**Problem description**
Locate all lines in the data below that hold "also" and show them.

[Dataset entries]
---------------
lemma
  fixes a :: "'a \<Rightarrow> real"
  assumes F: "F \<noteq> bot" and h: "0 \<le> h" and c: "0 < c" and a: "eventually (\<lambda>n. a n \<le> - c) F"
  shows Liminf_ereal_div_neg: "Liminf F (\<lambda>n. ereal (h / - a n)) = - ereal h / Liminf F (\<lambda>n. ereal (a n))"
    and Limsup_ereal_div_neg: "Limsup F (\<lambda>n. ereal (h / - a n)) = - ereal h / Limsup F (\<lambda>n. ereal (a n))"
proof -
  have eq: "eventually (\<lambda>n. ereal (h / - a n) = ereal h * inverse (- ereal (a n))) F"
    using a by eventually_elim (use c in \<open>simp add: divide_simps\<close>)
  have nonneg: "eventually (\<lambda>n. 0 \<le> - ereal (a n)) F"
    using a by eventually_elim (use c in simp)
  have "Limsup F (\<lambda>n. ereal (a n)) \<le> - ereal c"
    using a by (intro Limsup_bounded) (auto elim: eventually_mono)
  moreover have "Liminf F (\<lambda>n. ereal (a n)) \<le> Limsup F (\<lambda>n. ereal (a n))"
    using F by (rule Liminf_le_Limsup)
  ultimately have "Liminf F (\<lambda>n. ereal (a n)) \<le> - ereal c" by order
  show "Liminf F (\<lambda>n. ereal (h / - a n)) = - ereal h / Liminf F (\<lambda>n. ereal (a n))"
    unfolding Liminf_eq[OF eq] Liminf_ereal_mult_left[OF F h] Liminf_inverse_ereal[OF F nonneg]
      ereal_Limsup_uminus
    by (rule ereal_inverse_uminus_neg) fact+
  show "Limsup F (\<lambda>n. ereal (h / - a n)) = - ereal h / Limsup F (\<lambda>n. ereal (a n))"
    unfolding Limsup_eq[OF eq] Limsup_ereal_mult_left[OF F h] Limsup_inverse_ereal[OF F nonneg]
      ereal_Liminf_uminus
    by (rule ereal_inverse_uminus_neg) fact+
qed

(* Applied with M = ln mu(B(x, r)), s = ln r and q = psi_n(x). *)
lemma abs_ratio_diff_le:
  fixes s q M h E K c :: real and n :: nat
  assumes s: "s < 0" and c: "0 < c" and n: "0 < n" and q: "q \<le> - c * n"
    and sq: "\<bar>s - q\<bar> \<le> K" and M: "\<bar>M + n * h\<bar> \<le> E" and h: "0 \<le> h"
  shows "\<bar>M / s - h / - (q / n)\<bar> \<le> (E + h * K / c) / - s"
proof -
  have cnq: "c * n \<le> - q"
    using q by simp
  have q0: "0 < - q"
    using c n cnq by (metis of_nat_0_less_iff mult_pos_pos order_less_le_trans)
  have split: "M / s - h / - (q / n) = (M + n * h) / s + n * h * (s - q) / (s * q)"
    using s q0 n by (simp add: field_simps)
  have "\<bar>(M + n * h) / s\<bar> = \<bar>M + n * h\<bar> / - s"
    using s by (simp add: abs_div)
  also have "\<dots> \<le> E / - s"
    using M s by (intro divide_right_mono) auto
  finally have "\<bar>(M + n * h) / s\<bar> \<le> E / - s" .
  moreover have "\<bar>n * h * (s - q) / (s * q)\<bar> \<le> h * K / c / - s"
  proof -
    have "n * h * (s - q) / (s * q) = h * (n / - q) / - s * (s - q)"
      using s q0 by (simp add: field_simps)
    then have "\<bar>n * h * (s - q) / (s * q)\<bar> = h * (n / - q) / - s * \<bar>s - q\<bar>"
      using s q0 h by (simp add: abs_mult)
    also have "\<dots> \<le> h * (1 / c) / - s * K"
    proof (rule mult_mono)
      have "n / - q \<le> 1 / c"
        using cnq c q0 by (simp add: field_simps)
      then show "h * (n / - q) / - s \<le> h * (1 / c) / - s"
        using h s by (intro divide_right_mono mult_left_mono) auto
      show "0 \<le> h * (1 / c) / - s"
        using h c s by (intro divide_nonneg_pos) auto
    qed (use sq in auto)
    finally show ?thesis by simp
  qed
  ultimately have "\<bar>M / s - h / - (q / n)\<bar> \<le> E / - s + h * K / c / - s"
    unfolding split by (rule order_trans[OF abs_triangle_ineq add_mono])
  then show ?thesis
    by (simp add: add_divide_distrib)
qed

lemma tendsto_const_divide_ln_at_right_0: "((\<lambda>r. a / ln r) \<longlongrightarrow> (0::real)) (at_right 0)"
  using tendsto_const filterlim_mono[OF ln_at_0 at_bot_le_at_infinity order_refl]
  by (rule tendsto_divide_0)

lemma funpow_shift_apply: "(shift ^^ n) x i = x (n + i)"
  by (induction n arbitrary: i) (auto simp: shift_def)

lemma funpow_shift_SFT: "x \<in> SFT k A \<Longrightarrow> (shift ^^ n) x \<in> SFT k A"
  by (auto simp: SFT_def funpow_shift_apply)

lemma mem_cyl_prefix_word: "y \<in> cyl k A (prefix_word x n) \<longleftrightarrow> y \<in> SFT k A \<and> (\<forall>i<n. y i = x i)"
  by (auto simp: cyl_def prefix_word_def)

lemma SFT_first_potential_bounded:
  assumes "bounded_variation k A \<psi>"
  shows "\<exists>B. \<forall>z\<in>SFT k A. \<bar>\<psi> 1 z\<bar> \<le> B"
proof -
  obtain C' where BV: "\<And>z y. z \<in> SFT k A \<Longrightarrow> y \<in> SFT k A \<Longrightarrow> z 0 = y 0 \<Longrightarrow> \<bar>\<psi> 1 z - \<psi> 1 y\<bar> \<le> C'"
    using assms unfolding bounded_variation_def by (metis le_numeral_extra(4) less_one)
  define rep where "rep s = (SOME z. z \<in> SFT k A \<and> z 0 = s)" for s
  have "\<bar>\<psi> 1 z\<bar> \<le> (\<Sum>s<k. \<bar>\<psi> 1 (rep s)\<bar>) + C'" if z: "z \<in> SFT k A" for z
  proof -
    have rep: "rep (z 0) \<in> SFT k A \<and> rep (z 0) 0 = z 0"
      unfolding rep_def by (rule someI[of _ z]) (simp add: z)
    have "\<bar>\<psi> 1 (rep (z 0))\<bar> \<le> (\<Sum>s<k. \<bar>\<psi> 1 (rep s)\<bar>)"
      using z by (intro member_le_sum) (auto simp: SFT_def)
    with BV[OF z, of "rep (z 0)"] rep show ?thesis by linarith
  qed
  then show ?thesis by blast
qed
---------------
**Exercise output**
  also have "\<dots> \<le> E / - s"
    also have "\<dots> \<le> h * (1 / c) / - s * K"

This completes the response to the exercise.